(* For every $x>0$ the limit $\lambda(x)=\lim_{k\to\infty}\frac{a(s^kx)}{(s^kx)^{\log_s p}}$ exists; moreover $\lambda(sx)=\lambda(x)$ and $\lambda(x)\in[m,M]$ for all $x>0$, where $m=\inf_{n\ge1}b_n$, $M=\sup_{n\ge1}b_n$. Furthermore the set $\{\lambda(x):x\in[s^{-1},1)\}$ is dense in $[m,M]$.
   Context: Fix integers $p\ge 3$ and $2\le s<p$, and a set $A\subset\{0,1,\dots,p-1\}$ with $\#A=s$. Let $h:\{0,1,\dots,s-1\}\to A$ be the unique strictly increasing bijection. For a positive integer $n$ with base-$s$ expansion $n=\sum_{i=0}^k\varepsilon_i s^i$ ($\varepsilon_i\in\{0,\dots,s-1\}$, $\varepsilon_k\ne 0$), put $a_n=\sum_{i=0}^k h(\varepsilon_i)p^i$, and put $a_0=h(0)$. Let $b_n=a_n/n^{\log_s p}$ for $n\ge1$. For real $x\ge0$ let $a(x)=a_{\lfloor x\rfloor}$. *)

theory Defs
  imports "HOL-Analysis.Analysis"
begin

definition digit_map :: "nat set \<Rightarrow> nat \<Rightarrow> nat" where
  "digit_map A i = sorted_list_of_set A ! i"

text \<open>a_n = sum_i h(eps_i) p^i where n = sum_i eps_i s^i in base s; a_0 = h(0).\<close>
fun seq_a :: "nat \<Rightarrow> nat \<Rightarrow> nat set \<Rightarrow> nat \<Rightarrow> nat" where
  "seq_a p s A n =
     (if n < s \<or> s < 2 then digit_map A n
      else digit_map A (n mod s) + p * seq_a p s A (n div s))"

definition seq_b :: "nat \<Rightarrow> nat \<Rightarrow> nat set \<Rightarrow> nat \<Rightarrow> real" where
  "seq_b p s A n = real (seq_a p s A n) / real n powr log s p"

definition a_real :: "nat \<Rightarrow> nat \<Rightarrow> nat set \<Rightarrow> real \<Rightarrow> real" where
  "a_real p s A x = real (seq_a p s A (nat \<lfloor>x\<rfloor>))"

end

theory Submission
  imports Defs
begin
locale ddim_step = ddim_forward \<beta> N q lam
  for \<beta> :: "nat \<Rightarrow> real" and N :: nat and q :: "real^'d \<Rightarrow> real" and lam :: "nat \<Rightarrow> real" +
  fixes n :: nat
  assumes n_range: "n \<in> {1..N}"
begin

abbreviation fwd :: "(nat \<Rightarrow> real^'d) measure" where
  "fwd \<equiv> stage (N - 1)"

abbreviation sigma_xn :: "(nat \<Rightarrow> real^'d) measure" where
  "sigma_xn \<equiv> vimage_algebra UNIV (\<lambda>\<omega>. \<omega> n) borel"

lemma prob_space_fwd: "prob_space fwd"
  using N_pos by (intro prob_space_stage) simp

lemma finite_measure_fwd: "finite_measure fwd"
  using prob_space_fwd by (rule prob_space.axioms(1))

lemma measurable_sigma_xn_xn[measurable]: "(\<lambda>\<omega>. \<omega> n) \<in> measurable sigma_xn borel"
  by (rule measurable_vimage_algebra1) simp

lemma subalgebra_sigma_xn: "subalgebra fwd sigma_xn"
proof -
  have "sets sigma_xn \<subseteq> sets traj_space"
    by (rule sets_image_in_sets) (simp_all add: space_PiM)
  then show ?thesis
    unfolding subalgebra_def by simp
qed

lemma sigma_finite_subalgebra_sigma_xn: "sigma_finite_subalgebra fwd sigma_xn"
  using prob_space_fwd subalgebra_sigma_xn
  unfolding prob_space_def
  by (intro finite_measure_subalgebra_is_sigma_finite)
     (simp add: finite_measure_subalgebra_def finite_measure_subalgebra_axioms_def)

lemma measurable_sigma_xn_imp_traj: "h \<in> measurable sigma_xn M \<Longrightarrow> h \<in> measurable traj_space M"
  using measurable_from_subalg[OF subalgebra_sigma_xn] by simp

lemma measurable_sigma_xn_depends_on_xn:
  fixes h :: "(nat \<Rightarrow> real^'d) \<Rightarrow> real^'d"
  shows "h \<in> borel_measurable sigma_xn \<Longrightarrow> x n = y n \<Longrightarrow> h x = h y"
  using measurable_vimage_algebra_factor[of h UNIV "\<lambda>\<omega>. \<omega> n" borel x y] by simp

lemma fwd_x0_sq_finite: "(\<integral>\<^sup>+\<omega>. ennreal ((norm (\<omega> 0))\<^sup>2) \<partial>fwd) < \<infinity>"
  using q_second_moment N_pos
  by (simp add: nn_integral_stage_x0[where g="\<lambda>x. ennreal ((norm x)\<^sup>2)"] integrable_iff_bounded)

lemma fwd_noise_sq:
  "(\<integral>\<^sup>+\<omega>. ennreal ((norm (\<omega> n - sqrt (alpha_bar \<beta> n) *\<^sub>R \<omega> 0))\<^sup>2) \<partial>fwd)
     = ennreal (real CARD('d) * beta_bar \<beta> n)"
proof -
  have "(\<integral>\<^sup>+\<omega>. ennreal ((norm (\<omega> n - sqrt (alpha_bar \<beta> n) *\<^sub>R \<omega> 0))\<^sup>2) \<partial>fwd)
      = (\<integral>\<^sup>+\<omega>. ennreal ((norm (\<omega> n - sqrt (alpha_bar \<beta> n) *\<^sub>R \<omega> 0))\<^sup>2) \<partial>stage (N - n))"
    using n_range by (intro nn_integral_stage_eq_of_unaffected) auto
  then show ?thesis
    by (simp add: nn_integral_stage_noise_norm_sq[OF n_range])
qed

lemma fwd_xn_sq_finite: "(\<integral>\<^sup>+\<omega>. ennreal ((norm (\<omega> n))\<^sup>2) \<partial>fwd) < \<infinity>"
  using nn_integral_norm_sq_lincomb_finite[OF _ _ _ fwd_x0_sq_finite,
      of "\<lambda>\<omega>. \<omega> n - sqrt (alpha_bar \<beta> n) *\<^sub>R \<omega> 0" 1 "sqrt (alpha_bar \<beta> n)"] fwd_noise_sq
  by simp

lemma fwd_prev_sq_finite: "(\<integral>\<^sup>+\<omega>. ennreal ((norm (\<omega> (n - 1)))\<^sup>2) \<partial>fwd) < \<infinity>"
proof -
  have "(\<integral>\<^sup>+\<omega>. ennreal ((norm (mu_tilde \<beta> lam n (\<omega> n) (\<omega> 0)))\<^sup>2) \<partial>fwd) < \<infinity>"
    using nn_integral_norm_sq_lincomb_finite[OF _ _ fwd_x0_sq_finite,
        of "\<lambda>\<omega>. \<omega> n - sqrt (alpha_bar \<beta> n) *\<^sub>R \<omega> 0" "sqrt (alpha_bar \<beta> (n - 1))" "mu_coeff n"]
      fwd_noise_sq
    by (simp add: mu_tilde_eq)
  then show ?thesis
    using nn_integral_sq_dist_prev[OF n_range, of "\<lambda>_. 0"] by simp
qed

lemma opt_var_eq:
  "ennreal (real CARD('d) * opt_var q \<beta> lam N n)
     = (\<integral>\<^sup>+\<omega>. ennreal ((norm (\<omega> (n - 1) - vec_cond_exp fwd sigma_xn (\<lambda>\<omega>. \<omega> (n - 1)) \<omega>))\<^sup>2) \<partial>fwd)"
proof -
  let ?E = "vec_cond_exp fwd sigma_xn (\<lambda>\<omega>. \<omega> (n - 1))"
  have E: "?E \<in> borel_measurable traj_space"
    using sigma_finite_subalgebra.borel_measurable_vec_cond_exp[OF sigma_finite_subalgebra_sigma_xn]
    by (rule measurable_sigma_xn_imp_traj)
  have "(\<integral>\<^sup>+\<omega>. ennreal ((norm (?E \<omega>))\<^sup>2) \<partial>fwd) < \<infinity>"
    using fwd_prev_sq_finite
    by (intro sigma_finite_subalgebra.vec_cond_exp_sq_finite[OF sigma_finite_subalgebra_sigma_xn
          finite_measure_fwd]) simp_all
  then have "(\<integral>\<^sup>+\<omega>. ennreal ((norm (1 *\<^sub>R \<omega> (n - 1) + (-1) *\<^sub>R ?E \<omega>))\<^sup>2) \<partial>fwd) < \<infinity>"
    using fwd_prev_sq_finite E by (intro nn_integral_norm_sq_lincomb_finite) simp_all
  then have "integrable fwd (\<lambda>\<omega>. ((\<omega> (n - 1) - ?E \<omega>) $ i)\<^sup>2)" for i
    using E by (intro integrable_component_square) simp_all
  then have "(\<integral>\<^sup>+\<omega>. ennreal ((norm (\<omega> (n - 1) - ?E \<omega>))\<^sup>2) \<partial>fwd)
      = ennreal (\<Sum>i\<in>UNIV. \<integral>\<omega>. ((\<omega> (n - 1) - ?E \<omega>) $ i)\<^sup>2 \<partial>fwd)"
    using E by (intro nn_integral_norm_sq_eq_sum) simp_all
  also have "\<dots> = ennreal (real CARD('d) * opt_var q \<beta> lam N n)"
    by (simp add: opt_var_def fwd_process_def Let_def vec_cond_exp_def)
  finally show ?thesis ..
qed

lemma lambda_sq_le_opt_var: "(lam n)\<^sup>2 \<le> opt_var q \<beta> lam N n"
proof -
  let ?E = "vec_cond_exp fwd sigma_xn (\<lambda>\<omega>. \<omega> (n - 1))"
  have E: "?E \<in> borel_measurable sigma_xn"
    by (rule sigma_finite_subalgebra.borel_measurable_vec_cond_exp[OF sigma_finite_subalgebra_sigma_xn])
  have "ennreal (real CARD('d) * opt_var q \<beta> lam N n)
      = (\<integral>\<^sup>+\<omega>. ennreal ((norm (mu_tilde \<beta> lam n (\<omega> n) (\<omega> 0) - ?E \<omega>))\<^sup>2) \<partial>fwd)
        + ennreal ((lam n)\<^sup>2 * real CARD('d))"
    unfolding opt_var_eq
    by (rule nn_integral_sq_dist_prev[OF n_range measurable_sigma_xn_imp_traj[OF E]])
       (rule measurable_sigma_xn_depends_on_xn[OF E])
  then have "ennreal ((lam n)\<^sup>2 * real CARD('d)) \<le> ennreal (real CARD('d) * opt_var q \<beta> lam N n)"
    by simp
  moreover have "0 \<le> real CARD('d) * opt_var q \<beta> lam N n"
    by (intro mult_nonneg_nonneg opt_var_nonneg) simp
  ultimately have "real CARD('d) * (lam n)\<^sup>2 \<le> real CARD('d) * opt_var q \<beta> lam N n"
    by (simp add: ennreal_le_iff mult.commute)
  then show ?thesis
    by (simp add: mult_le_cancel_left_pos)
qed

lemma opt_var_le_residual:
  assumes Z[measurable]: "Z \<in> borel_measurable sigma_xn"
    and Z2: "(\<integral>\<^sup>+\<omega>. ennreal ((norm (Z \<omega>))\<^sup>2) \<partial>fwd) < \<infinity>"
    and [measurable]: "V \<in> borel_measurable traj_space"
    and residual: "\<And>\<omega>. mu_tilde \<beta> lam n (\<omega> n) (\<omega> 0) - Z \<omega> = k *\<^sub>R V \<omega>"
    and V2: "(\<integral>\<^sup>+\<omega>. ennreal ((norm (V \<omega>))\<^sup>2) \<partial>fwd) \<le> ennreal (real CARD('d) * B)"
    and "0 \<le> B"
  shows "opt_var q \<beta> lam N n \<le> (lam n)\<^sup>2 + k\<^sup>2 * B"
proof -
  have "ennreal (real CARD('d) * opt_var q \<beta> lam N n)
      \<le> (\<integral>\<^sup>+\<omega>. ennreal ((norm (\<omega> (n - 1) - Z \<omega>))\<^sup>2) \<partial>fwd)"
    unfolding opt_var_eq
    by (rule sigma_finite_subalgebra.nn_integral_sq_dist_vec_cond_exp_le[OF
          sigma_finite_subalgebra_sigma_xn finite_measure_fwd _ fwd_prev_sq_finite Z Z2]) simp
  also have "\<dots> = (\<integral>\<^sup>+\<omega>. ennreal ((norm (k *\<^sub>R V \<omega>))\<^sup>2) \<partial>fwd) + ennreal ((lam n)\<^sup>2 * real CARD('d))"
    unfolding residual[symmetric]
    by (rule nn_integral_sq_dist_prev[OF n_range measurable_sigma_xn_imp_traj[OF Z]])
       (rule measurable_sigma_xn_depends_on_xn[OF Z])
  also have "(\<integral>\<^sup>+\<omega>. ennreal ((norm (k *\<^sub>R V \<omega>))\<^sup>2) \<partial>fwd)
      = ennreal (k\<^sup>2) * (\<integral>\<^sup>+\<omega>. ennreal ((norm (V \<omega>))\<^sup>2) \<partial>fwd)"
    by (simp add: power_mult_distrib ennreal_mult nn_integral_cmult)
  also have "\<dots> \<le> ennreal (k\<^sup>2) * ennreal (real CARD('d) * B)"
    using V2 by (rule mult_left_mono) simp
  finally have "ennreal (real CARD('d) * opt_var q \<beta> lam N n)
      \<le> ennreal (real CARD('d) * ((lam n)\<^sup>2 + k\<^sup>2 * B))"
    using \<open>0 \<le> B\<close> by (simp add: ennreal_mult'[symmetric] algebra_simps flip: ennreal_plus)
  then show ?thesis
    using \<open>0 \<le> B\<close> by (simp add: ennreal_le_iff)
qed

lemma opt_var_le_noise_bound:
  "opt_var q \<beta> lam N n
     \<le> (lam n)\<^sup>2 + (sqrt (beta_bar \<beta> n / alpha_s \<beta> n) - sqrt (beta_bar \<beta> (n - 1) - (lam n)\<^sup>2))\<^sup>2"
proof -
  define r where "r = 1 / sqrt (alpha_s \<beta> n)"
  define \<kappa> where "\<kappa> = mu_coeff n - r"
  have \<alpha>: "0 < alpha_s \<beta> n" and bb: "0 < beta_bar \<beta> n"
    using alpha_s_bounds[OF n_range] beta_bar_pos[OF n_range] by auto
  have r_sqrt: "sqrt (alpha_bar \<beta> (n - 1)) = r * sqrt (alpha_bar \<beta> n)"
    using \<alpha> n_range alpha_bar_eq_mult[of n \<beta>] by (simp add: r_def real_sqrt_mult)
  have residual: "mu_tilde \<beta> lam n (\<omega> n) (\<omega> 0) - r *\<^sub>R \<omega> n
      = \<kappa> *\<^sub>R (\<omega> n - sqrt (alpha_bar \<beta> n) *\<^sub>R \<omega> 0)" for \<omega> :: "nat \<Rightarrow> real^'d"
    unfolding mu_tilde_eq r_sqrt \<kappa>_def by (simp add: vec_eq_iff algebra_simps)
  have Z: "(\<lambda>\<omega>. r *\<^sub>R \<omega> n) \<in> borel_measurable sigma_xn"
    by measurable
  have "(\<integral>\<^sup>+\<omega>. ennreal ((norm (r *\<^sub>R \<omega> n))\<^sup>2) \<partial>fwd) < \<infinity>"
    using nn_integral_norm_sq_lincomb_finite[OF _ _ fwd_xn_sq_finite fwd_xn_sq_finite, of r 0]
    by simp
  from opt_var_le_residual[OF Z this _ residual] have
    "opt_var q \<beta> lam N n \<le> (lam n)\<^sup>2 + \<kappa>\<^sup>2 * beta_bar \<beta> n"
    using fwd_noise_sq bb by simp
  also have "\<kappa>\<^sup>2 * beta_bar \<beta> n
      = (sqrt (beta_bar \<beta> n / alpha_s \<beta> n) - sqrt (beta_bar \<beta> (n - 1) - (lam n)\<^sup>2))\<^sup>2"
  proof -
    have "\<kappa>\<^sup>2 * beta_bar \<beta> n = (\<kappa> * sqrt (beta_bar \<beta> n))\<^sup>2"
      using bb by (simp add: power_mult_distrib)
    also have "\<kappa> * sqrt (beta_bar \<beta> n)
        = sqrt (beta_bar \<beta> (n - 1) - (lam n)\<^sup>2) - sqrt (beta_bar \<beta> n / alpha_s \<beta> n)"
      using bb \<alpha> by (simp add: \<kappa>_def r_def mu_coeff_def real_sqrt_divide field_simps)
    finally show ?thesis
      by (simp add: power2_commute)
  qed
  finally show ?thesis .
qed

lemma nn_integral_fwd_x0_dist_midpoint:
  assumes support: "AE x in lborel. (\<exists>i. x $ i < a \<or> b < x $ i) \<longrightarrow> q x = 0"
  shows "(\<integral>\<^sup>+\<omega>. ennreal ((norm (\<omega> 0 - (\<chi> i. (a + b) / 2)))\<^sup>2) \<partial>fwd)
       \<le> ennreal (real CARD('d) * ((b - a) / 2)\<^sup>2)"
proof -
  have "AE x in lborel. 0 < q x \<longrightarrow> ennreal ((norm (x - (\<chi> i. (a + b) / 2)))\<^sup>2)
                                      \<le> ennreal (real CARD('d) * ((b - a) / 2)\<^sup>2)"
    using support
  proof (rule AE_mp, intro AE_I2 impI)
    fix x :: "real^'d"
    assume "(\<exists>i. x $ i < a \<or> b < x $ i) \<longrightarrow> q x = 0" and "0 < q x"
    then have "a \<le> x $ i \<and> x $ i \<le> b" for i
      by (auto simp: not_less[symmetric])
    then show "ennreal ((norm (x - (\<chi> i. (a + b) / 2)))\<^sup>2) \<le> ennreal (real CARD('d) * ((b - a) / 2)\<^sup>2)"
      by (intro ennreal_leI norm_dist_midpoint_sq_le)
  qed
  then have "AE x in q_dist. ennreal ((norm (x - (\<chi> i. (a + b) / 2)))\<^sup>2)
                          \<le> ennreal (real CARD('d) * ((b - a) / 2)\<^sup>2)"
    by (subst AE_density) simp_all
  then have "(\<integral>\<^sup>+x. ennreal ((norm (x - (\<chi> i. (a + b) / 2)))\<^sup>2) \<partial>q_dist)
      \<le> (\<integral>\<^sup>+x. ennreal (real CARD('d) * ((b - a) / 2)\<^sup>2) \<partial>q_dist)"
    by (rule nn_integral_mono_AE)
  then show ?thesis
    using N_pos prob_space.emeasure_space_1[OF prob_space_q_dist]
    by (simp add: nn_integral_stage_x0[where g="\<lambda>x. ennreal ((norm (x - (\<chi> i. (a + b) / 2)))\<^sup>2)"])
qed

==================================================

> [TASK TO CARRY OUT]: Among the lines of the material, find those that hold the word "close" and copy them.

> [EXPECTED ANSWER]:
text \<open>a_n = sum_i h(eps_i) p^i where n = sum_i eps_i s^i in base s; a_0 = h(0).\<close>
    using \<open>0 \<le> B\<close> by (simp add: ennreal_mult'[symmetric] algebra_simps flip: ennreal_plus)
    using \<open>0 \<le> B\<close> by (simp add: ennreal_le_iff)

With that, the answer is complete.